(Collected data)
____

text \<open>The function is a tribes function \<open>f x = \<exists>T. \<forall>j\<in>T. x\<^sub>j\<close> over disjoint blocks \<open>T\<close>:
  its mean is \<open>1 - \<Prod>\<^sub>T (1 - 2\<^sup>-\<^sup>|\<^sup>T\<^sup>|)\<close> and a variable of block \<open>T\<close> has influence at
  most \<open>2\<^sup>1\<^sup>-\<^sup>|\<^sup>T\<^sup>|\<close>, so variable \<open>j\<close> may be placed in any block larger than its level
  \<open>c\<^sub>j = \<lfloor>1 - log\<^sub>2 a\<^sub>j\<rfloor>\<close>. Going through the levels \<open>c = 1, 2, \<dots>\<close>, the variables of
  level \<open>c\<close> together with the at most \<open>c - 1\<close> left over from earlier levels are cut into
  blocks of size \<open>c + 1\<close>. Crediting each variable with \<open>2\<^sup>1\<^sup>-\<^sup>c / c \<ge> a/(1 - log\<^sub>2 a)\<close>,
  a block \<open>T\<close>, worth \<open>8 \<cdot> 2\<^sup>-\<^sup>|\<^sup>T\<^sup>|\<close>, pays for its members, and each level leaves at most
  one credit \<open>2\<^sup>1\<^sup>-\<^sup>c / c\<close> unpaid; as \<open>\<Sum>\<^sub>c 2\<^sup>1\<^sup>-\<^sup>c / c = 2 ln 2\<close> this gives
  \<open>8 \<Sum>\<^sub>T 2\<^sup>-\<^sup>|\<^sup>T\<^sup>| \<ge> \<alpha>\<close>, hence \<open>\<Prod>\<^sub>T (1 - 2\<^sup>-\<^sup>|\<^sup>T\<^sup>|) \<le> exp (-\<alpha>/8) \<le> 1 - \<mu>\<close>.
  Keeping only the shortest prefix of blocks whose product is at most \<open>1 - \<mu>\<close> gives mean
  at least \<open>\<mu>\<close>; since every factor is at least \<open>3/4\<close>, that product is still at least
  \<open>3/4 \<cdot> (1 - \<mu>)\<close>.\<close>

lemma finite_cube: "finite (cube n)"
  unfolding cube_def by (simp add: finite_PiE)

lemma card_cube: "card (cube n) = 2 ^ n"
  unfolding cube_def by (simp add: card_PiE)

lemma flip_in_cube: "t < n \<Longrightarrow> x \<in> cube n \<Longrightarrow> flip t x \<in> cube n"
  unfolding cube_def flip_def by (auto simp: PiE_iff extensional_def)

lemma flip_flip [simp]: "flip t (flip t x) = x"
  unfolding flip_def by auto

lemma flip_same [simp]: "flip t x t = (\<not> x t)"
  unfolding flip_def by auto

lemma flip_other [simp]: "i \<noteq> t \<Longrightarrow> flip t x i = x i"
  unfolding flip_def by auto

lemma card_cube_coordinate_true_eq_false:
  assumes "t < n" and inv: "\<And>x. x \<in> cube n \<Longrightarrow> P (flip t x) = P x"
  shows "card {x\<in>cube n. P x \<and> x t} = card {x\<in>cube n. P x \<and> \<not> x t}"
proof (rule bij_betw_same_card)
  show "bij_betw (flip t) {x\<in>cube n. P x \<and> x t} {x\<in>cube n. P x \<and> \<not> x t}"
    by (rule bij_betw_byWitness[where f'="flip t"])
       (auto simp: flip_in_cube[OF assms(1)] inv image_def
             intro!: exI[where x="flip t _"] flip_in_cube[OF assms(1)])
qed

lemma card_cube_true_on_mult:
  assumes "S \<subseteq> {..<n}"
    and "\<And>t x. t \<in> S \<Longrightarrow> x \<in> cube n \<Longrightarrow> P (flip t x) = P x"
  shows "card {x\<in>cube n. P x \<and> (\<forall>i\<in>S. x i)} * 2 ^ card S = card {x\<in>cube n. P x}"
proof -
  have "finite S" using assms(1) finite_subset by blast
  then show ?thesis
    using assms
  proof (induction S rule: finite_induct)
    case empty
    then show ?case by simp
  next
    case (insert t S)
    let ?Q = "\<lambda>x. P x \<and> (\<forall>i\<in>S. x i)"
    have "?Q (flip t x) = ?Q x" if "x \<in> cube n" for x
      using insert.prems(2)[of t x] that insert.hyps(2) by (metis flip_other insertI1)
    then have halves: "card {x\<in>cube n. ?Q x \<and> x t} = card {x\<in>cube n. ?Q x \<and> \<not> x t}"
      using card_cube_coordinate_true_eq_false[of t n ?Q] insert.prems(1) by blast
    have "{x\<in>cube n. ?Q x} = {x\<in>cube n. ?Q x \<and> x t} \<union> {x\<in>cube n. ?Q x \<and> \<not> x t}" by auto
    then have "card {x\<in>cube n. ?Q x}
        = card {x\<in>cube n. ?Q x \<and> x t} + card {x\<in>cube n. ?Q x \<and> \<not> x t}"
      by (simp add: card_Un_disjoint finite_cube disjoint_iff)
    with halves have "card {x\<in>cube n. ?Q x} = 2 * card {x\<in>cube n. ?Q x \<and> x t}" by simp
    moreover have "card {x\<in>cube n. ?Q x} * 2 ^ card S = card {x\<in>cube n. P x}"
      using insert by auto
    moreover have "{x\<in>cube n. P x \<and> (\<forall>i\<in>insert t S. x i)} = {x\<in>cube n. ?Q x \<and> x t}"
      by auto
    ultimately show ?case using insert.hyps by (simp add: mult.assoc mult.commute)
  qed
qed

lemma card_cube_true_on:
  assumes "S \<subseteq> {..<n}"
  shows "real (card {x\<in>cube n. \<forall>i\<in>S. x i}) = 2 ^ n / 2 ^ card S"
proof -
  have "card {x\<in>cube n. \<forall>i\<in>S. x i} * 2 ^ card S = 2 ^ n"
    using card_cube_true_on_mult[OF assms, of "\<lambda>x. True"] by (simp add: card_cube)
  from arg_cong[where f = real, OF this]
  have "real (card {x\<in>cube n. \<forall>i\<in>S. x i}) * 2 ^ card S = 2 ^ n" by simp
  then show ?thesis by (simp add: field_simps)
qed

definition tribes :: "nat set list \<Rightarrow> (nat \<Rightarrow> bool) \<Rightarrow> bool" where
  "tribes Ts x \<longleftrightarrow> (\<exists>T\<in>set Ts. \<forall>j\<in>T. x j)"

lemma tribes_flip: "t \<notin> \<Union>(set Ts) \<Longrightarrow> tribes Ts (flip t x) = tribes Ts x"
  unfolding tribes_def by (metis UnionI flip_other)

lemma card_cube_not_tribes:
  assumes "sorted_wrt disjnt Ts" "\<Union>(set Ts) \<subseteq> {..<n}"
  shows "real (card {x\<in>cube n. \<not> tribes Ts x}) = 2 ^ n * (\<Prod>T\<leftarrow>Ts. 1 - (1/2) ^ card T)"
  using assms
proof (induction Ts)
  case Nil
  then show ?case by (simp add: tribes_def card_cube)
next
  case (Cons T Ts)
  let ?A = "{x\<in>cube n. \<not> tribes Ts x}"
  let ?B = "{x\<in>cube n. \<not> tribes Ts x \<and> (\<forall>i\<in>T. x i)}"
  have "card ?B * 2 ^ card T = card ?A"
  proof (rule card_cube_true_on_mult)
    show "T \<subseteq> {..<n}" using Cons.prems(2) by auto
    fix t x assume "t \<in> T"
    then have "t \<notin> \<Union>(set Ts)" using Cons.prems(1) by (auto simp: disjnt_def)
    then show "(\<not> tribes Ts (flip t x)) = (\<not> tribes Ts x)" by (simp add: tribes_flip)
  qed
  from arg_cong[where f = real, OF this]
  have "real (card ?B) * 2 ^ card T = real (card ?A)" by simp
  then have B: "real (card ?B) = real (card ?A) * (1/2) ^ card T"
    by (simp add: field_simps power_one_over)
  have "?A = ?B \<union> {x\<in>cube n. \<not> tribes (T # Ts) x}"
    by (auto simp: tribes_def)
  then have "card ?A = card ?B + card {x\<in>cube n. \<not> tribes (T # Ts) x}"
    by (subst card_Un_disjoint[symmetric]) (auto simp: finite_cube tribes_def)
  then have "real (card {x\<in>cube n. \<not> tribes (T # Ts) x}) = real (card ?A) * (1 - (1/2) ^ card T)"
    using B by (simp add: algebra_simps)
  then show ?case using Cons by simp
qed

____

## [Instructions to follow]
Copy out the entries above exactly as given, starting at the top and ending with the line containing "one credit \<open>2\<^sup>1\<^sup>-\<^sup>c"; include both and nothing more.

## [The answer]
text \<open>The function is a tribes function \<open>f x = \<exists>T. \<forall>j\<in>T. x\<^sub>j\<close> over disjoint blocks \<open>T\<close>:
  its mean is \<open>1 - \<Prod>\<^sub>T (1 - 2\<^sup>-\<^sup>|\<^sup>T\<^sup>|)\<close> and a variable of block \<open>T\<close> has influence at
  most \<open>2\<^sup>1\<^sup>-\<^sup>|\<^sup>T\<^sup>|\<close>, so variable \<open>j\<close> may be placed in any block larger than its level
  \<open>c\<^sub>j = \<lfloor>1 - log\<^sub>2 a\<^sub>j\<rfloor>\<close>. Going through the levels \<open>c = 1, 2, \<dots>\<close>, the variables of
  level \<open>c\<close> together with the at most \<open>c - 1\<close> left over from earlier levels are cut into
  blocks of size \<open>c + 1\<close>. Crediting each variable with \<open>2\<^sup>1\<^sup>-\<^sup>c / c \<ge> a/(1 - log\<^sub>2 a)\<close>,
  a block \<open>T\<close>, worth \<open>8 \<cdot> 2\<^sup>-\<^sup>|\<^sup>T\<^sup>|\<close>, pays for its members, and each level leaves at most
  one credit \<open>2\<^sup>1\<^sup>-\<^sup>c / c\<close> unpaid; as \<open>\<Sum>\<^sub>c 2\<^sup>1\<^sup>-\<^sup>c / c = 2 ln 2\<close> this gives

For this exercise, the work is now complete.